• [INSTRUCTIONS TO FOLLOW]
When you reach the line containing "(sqrt rho2) x)" in the entries below, start writing out each line exactly, and stop after the line containing "s2 X Z A = (2".

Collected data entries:

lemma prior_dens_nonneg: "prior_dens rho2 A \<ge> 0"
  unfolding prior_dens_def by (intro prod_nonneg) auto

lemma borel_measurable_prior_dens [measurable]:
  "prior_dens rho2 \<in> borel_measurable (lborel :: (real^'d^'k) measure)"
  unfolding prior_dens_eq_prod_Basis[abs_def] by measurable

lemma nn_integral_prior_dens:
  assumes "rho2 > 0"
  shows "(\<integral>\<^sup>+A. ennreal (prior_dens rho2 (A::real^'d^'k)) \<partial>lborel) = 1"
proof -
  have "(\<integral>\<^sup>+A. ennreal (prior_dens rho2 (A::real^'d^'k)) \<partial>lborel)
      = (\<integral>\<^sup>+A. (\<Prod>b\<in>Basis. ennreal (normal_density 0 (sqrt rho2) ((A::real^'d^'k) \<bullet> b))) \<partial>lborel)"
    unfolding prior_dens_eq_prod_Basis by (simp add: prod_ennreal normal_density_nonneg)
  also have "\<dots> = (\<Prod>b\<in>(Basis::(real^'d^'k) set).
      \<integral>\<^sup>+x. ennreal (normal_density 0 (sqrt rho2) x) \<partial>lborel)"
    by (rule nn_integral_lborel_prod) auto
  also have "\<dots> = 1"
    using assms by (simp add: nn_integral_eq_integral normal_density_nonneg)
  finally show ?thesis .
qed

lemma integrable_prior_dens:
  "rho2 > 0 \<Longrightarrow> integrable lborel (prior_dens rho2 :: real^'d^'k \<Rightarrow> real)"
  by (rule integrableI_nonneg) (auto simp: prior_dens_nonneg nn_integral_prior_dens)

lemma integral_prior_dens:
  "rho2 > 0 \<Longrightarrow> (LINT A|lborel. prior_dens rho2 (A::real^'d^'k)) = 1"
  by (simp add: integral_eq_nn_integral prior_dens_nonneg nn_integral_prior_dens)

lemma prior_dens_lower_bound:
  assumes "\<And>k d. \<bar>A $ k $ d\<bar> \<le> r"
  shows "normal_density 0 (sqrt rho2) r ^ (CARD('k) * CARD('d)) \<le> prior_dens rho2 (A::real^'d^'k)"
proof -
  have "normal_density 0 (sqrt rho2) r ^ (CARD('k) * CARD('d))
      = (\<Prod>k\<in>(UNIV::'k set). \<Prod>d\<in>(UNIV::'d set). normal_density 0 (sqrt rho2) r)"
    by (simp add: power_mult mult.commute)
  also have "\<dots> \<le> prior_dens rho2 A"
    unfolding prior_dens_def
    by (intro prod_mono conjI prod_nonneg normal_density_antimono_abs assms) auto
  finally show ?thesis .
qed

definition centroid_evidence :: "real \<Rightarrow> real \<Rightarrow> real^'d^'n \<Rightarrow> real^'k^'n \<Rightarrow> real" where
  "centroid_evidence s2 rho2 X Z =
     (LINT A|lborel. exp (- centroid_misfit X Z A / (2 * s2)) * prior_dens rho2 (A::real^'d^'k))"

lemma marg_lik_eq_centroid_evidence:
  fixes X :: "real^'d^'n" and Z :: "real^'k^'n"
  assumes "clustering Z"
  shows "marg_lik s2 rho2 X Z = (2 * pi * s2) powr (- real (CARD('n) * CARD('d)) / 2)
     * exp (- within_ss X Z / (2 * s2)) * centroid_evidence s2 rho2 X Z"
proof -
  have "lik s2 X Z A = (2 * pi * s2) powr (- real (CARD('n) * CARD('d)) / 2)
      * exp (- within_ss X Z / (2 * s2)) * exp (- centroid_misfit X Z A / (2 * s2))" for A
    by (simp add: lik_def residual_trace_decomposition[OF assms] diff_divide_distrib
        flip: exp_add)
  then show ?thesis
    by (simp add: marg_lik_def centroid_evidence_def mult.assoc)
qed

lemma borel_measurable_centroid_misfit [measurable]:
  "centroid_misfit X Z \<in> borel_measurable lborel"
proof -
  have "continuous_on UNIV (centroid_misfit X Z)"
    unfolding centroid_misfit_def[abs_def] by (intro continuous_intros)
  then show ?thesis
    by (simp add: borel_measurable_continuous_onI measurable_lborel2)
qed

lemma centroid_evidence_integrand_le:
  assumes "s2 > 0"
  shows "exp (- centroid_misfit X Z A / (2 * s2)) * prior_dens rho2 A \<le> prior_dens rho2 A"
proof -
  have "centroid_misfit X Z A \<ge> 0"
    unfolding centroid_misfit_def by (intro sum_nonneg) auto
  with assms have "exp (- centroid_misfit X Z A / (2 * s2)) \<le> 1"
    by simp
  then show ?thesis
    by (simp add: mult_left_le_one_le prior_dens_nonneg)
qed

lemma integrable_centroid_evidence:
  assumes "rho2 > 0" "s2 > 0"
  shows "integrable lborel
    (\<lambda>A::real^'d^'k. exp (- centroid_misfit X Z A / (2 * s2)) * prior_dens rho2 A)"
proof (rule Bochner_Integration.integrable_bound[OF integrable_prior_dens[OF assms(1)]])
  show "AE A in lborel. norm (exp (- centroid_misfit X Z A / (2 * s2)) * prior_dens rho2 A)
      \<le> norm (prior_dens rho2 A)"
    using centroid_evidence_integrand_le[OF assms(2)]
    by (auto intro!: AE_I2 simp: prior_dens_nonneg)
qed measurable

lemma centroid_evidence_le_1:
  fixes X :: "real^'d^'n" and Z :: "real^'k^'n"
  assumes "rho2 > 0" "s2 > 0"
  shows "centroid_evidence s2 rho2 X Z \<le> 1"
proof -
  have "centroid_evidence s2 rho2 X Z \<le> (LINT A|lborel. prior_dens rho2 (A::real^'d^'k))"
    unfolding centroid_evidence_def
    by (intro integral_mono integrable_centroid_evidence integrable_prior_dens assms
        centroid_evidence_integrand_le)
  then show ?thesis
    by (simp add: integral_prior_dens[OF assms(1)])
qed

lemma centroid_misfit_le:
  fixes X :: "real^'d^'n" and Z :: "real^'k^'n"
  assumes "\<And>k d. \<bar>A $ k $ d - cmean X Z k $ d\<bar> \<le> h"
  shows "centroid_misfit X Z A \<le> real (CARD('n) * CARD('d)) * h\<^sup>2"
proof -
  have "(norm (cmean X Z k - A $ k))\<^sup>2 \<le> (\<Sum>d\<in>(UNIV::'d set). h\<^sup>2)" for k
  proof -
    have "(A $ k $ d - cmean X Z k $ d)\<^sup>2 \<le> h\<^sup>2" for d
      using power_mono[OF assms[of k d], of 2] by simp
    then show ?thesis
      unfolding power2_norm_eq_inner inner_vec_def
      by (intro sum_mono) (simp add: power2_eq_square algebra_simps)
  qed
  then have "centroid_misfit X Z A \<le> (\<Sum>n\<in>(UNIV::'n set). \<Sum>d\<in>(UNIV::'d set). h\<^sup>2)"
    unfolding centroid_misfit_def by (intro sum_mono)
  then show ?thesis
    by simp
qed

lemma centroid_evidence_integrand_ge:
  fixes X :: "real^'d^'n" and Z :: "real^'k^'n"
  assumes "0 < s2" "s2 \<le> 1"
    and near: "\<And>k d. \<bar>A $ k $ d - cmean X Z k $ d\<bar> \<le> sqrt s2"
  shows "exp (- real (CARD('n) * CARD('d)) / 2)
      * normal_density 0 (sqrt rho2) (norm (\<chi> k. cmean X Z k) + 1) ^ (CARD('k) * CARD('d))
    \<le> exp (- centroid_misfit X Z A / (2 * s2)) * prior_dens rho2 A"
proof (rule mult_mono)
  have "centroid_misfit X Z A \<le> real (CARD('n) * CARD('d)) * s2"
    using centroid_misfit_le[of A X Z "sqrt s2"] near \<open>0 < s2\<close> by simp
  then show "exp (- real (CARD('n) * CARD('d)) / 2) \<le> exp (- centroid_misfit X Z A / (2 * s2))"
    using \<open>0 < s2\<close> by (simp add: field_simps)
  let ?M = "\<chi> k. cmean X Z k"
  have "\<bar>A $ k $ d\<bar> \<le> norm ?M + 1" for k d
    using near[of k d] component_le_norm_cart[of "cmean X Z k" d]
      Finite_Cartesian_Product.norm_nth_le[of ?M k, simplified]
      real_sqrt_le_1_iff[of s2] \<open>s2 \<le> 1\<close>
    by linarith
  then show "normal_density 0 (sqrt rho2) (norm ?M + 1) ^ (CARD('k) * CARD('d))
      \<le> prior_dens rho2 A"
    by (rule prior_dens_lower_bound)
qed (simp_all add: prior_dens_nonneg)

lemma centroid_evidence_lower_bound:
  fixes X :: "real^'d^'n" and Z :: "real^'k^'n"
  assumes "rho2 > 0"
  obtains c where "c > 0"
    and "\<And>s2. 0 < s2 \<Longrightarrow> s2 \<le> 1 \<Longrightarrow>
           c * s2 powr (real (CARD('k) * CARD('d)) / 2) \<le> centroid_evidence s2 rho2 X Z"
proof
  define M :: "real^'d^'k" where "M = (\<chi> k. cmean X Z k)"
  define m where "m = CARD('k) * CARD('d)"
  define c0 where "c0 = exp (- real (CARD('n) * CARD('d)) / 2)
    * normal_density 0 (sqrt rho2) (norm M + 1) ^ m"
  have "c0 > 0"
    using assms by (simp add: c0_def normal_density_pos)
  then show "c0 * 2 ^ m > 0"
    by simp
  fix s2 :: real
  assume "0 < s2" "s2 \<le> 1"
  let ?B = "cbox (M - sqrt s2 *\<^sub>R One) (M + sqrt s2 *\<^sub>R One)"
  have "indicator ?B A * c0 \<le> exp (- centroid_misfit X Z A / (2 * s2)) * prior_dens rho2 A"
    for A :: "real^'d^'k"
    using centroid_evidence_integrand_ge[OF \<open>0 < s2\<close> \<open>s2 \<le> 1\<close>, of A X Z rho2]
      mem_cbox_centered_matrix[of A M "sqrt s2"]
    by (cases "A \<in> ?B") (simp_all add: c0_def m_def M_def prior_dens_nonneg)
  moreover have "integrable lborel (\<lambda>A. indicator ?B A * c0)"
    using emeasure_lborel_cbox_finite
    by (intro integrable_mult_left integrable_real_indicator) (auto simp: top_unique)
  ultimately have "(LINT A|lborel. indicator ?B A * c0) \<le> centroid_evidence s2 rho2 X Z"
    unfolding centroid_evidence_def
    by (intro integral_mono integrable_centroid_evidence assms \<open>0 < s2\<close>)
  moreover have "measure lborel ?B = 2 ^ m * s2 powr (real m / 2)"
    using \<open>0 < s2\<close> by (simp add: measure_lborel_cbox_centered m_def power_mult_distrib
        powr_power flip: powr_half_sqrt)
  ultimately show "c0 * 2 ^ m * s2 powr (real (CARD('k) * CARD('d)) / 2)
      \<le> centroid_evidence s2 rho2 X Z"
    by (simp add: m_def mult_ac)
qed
--
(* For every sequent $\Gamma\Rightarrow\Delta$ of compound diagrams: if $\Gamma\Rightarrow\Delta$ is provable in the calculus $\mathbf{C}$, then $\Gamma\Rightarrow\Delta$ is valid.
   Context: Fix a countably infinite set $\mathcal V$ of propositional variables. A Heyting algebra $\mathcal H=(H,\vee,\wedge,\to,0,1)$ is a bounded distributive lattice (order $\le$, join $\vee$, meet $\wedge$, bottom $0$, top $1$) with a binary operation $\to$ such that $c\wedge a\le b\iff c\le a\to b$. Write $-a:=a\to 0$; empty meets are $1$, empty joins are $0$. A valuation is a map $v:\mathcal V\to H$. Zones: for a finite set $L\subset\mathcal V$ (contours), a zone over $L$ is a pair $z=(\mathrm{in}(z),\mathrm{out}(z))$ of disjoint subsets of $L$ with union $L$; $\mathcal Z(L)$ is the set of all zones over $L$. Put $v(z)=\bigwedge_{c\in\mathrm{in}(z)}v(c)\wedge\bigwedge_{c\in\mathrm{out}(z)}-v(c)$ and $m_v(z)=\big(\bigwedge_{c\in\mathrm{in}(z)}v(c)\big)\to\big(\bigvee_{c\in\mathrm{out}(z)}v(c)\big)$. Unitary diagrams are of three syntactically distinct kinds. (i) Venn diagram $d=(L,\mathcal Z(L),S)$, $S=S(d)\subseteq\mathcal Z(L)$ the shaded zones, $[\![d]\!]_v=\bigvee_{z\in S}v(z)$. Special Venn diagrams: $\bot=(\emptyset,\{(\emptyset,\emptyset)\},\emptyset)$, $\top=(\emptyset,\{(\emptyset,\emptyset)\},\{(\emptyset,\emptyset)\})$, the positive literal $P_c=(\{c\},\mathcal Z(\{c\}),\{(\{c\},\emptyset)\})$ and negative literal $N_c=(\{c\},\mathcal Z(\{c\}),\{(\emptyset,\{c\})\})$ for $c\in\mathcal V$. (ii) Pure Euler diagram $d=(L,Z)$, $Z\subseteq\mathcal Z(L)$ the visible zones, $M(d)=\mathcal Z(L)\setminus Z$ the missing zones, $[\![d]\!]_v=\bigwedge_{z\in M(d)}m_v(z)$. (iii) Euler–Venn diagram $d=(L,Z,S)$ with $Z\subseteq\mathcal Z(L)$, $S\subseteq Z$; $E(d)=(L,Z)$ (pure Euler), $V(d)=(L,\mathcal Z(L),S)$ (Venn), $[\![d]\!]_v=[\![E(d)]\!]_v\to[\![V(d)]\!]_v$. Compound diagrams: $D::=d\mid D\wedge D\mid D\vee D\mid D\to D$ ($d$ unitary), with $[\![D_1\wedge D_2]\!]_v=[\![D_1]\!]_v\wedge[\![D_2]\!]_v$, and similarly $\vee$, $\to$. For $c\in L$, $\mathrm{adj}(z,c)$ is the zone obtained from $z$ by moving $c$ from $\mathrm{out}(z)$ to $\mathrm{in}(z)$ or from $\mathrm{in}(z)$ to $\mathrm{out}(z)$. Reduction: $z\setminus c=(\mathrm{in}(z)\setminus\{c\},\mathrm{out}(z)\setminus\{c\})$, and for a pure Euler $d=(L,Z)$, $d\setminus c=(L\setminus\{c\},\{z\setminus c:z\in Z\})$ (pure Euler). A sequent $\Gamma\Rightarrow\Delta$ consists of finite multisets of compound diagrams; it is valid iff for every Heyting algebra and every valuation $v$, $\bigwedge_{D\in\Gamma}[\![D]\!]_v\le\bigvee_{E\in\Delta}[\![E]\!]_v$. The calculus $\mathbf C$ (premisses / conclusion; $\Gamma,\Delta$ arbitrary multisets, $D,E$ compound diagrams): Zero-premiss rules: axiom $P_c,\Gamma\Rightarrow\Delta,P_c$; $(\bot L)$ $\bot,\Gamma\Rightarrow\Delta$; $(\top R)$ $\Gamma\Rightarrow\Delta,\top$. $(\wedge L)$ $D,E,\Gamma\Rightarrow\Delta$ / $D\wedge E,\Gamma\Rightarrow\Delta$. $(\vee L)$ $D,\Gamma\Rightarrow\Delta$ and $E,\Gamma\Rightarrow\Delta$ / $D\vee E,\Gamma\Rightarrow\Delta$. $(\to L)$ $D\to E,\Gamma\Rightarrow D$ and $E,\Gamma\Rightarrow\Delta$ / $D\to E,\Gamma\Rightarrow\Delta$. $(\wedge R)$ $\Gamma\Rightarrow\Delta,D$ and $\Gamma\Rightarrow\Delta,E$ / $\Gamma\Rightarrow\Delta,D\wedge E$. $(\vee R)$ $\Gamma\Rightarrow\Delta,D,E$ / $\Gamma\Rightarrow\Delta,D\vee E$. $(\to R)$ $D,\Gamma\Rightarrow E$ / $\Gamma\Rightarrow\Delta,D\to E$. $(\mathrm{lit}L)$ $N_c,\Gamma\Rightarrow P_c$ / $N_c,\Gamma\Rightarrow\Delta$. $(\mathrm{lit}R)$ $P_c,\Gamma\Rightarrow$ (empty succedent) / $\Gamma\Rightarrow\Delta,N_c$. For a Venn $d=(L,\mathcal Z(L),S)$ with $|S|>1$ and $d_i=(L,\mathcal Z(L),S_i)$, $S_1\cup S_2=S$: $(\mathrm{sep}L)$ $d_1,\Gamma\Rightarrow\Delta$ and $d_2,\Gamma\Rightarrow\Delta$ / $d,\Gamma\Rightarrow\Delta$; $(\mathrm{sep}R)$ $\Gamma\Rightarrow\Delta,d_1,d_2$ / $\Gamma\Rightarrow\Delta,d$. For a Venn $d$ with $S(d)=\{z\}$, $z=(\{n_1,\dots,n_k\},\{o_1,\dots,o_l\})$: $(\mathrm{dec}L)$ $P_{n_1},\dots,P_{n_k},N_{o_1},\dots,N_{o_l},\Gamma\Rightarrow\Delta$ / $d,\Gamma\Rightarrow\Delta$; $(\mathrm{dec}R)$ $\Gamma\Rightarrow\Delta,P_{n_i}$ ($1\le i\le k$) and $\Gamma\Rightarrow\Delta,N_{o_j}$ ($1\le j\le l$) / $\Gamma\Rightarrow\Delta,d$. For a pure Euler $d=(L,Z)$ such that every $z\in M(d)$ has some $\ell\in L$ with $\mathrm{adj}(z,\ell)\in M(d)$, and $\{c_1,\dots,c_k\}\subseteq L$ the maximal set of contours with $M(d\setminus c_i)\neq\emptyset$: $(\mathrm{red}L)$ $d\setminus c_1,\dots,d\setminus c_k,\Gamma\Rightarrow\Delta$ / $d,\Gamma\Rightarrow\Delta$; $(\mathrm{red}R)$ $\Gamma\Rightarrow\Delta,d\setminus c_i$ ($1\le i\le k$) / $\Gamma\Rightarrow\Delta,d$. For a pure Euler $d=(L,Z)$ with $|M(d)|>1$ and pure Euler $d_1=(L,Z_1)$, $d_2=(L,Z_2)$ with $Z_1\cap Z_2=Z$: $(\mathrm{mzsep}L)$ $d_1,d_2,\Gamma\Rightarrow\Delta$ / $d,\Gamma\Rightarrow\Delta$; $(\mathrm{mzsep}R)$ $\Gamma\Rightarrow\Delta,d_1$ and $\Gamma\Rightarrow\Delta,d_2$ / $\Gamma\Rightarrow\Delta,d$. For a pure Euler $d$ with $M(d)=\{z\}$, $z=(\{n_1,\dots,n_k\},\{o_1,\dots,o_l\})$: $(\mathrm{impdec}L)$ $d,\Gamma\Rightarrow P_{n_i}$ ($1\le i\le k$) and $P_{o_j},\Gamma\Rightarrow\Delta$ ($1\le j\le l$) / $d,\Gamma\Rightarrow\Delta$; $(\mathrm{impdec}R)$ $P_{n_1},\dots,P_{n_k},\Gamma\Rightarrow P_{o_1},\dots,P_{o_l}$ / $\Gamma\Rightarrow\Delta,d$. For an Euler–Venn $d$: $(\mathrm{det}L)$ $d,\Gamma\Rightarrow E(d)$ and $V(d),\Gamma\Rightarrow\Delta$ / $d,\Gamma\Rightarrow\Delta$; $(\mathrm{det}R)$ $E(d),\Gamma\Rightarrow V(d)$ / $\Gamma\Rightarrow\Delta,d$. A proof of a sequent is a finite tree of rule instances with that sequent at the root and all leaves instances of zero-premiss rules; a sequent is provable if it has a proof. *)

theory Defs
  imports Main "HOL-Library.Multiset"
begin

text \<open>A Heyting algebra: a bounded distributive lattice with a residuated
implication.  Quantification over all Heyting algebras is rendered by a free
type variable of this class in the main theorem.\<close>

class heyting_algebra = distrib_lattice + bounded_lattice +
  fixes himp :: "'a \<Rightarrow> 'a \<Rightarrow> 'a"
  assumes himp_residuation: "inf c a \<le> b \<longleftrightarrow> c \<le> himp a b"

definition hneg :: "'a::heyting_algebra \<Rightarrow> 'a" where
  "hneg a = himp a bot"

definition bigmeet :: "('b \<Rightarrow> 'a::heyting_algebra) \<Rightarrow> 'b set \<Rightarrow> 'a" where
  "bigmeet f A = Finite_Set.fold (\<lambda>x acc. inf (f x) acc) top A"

• [OUTPUT BELOW]
      \<integral>\<^sup>+x. ennreal (normal_density 0 (sqrt rho2) x) \<partial>lborel)"
    by (rule nn_integral_lborel_prod) auto
  also have "\<dots> = 1"
    using assms by (simp add: nn_integral_eq_integral normal_density_nonneg)
  finally show ?thesis .
qed

lemma integrable_prior_dens:
  "rho2 > 0 \<Longrightarrow> integrable lborel (prior_dens rho2 :: real^'d^'k \<Rightarrow> real)"
  by (rule integrableI_nonneg) (auto simp: prior_dens_nonneg nn_integral_prior_dens)

lemma integral_prior_dens:
  "rho2 > 0 \<Longrightarrow> (LINT A|lborel. prior_dens rho2 (A::real^'d^'k)) = 1"
  by (simp add: integral_eq_nn_integral prior_dens_nonneg nn_integral_prior_dens)

lemma prior_dens_lower_bound:
  assumes "\<And>k d. \<bar>A $ k $ d\<bar> \<le> r"
  shows "normal_density 0 (sqrt rho2) r ^ (CARD('k) * CARD('d)) \<le> prior_dens rho2 (A::real^'d^'k)"
proof -
  have "normal_density 0 (sqrt rho2) r ^ (CARD('k) * CARD('d))
      = (\<Prod>k\<in>(UNIV::'k set). \<Prod>d\<in>(UNIV::'d set). normal_density 0 (sqrt rho2) r)"
    by (simp add: power_mult mult.commute)
  also have "\<dots> \<le> prior_dens rho2 A"
    unfolding prior_dens_def
    by (intro prod_mono conjI prod_nonneg normal_density_antimono_abs assms) auto
  finally show ?thesis .
qed

definition centroid_evidence :: "real \<Rightarrow> real \<Rightarrow> real^'d^'n \<Rightarrow> real^'k^'n \<Rightarrow> real" where
  "centroid_evidence s2 rho2 X Z =
     (LINT A|lborel. exp (- centroid_misfit X Z A / (2 * s2)) * prior_dens rho2 (A::real^'d^'k))"

lemma marg_lik_eq_centroid_evidence:
  fixes X :: "real^'d^'n" and Z :: "real^'k^'n"
  assumes "clustering Z"
  shows "marg_lik s2 rho2 X Z = (2 * pi * s2) powr (- real (CARD('n) * CARD('d)) / 2)
     * exp (- within_ss X Z / (2 * s2)) * centroid_evidence s2 rho2 X Z"
proof -
  have "lik s2 X Z A = (2 * pi * s2) powr (- real (CARD('n) * CARD('d)) / 2)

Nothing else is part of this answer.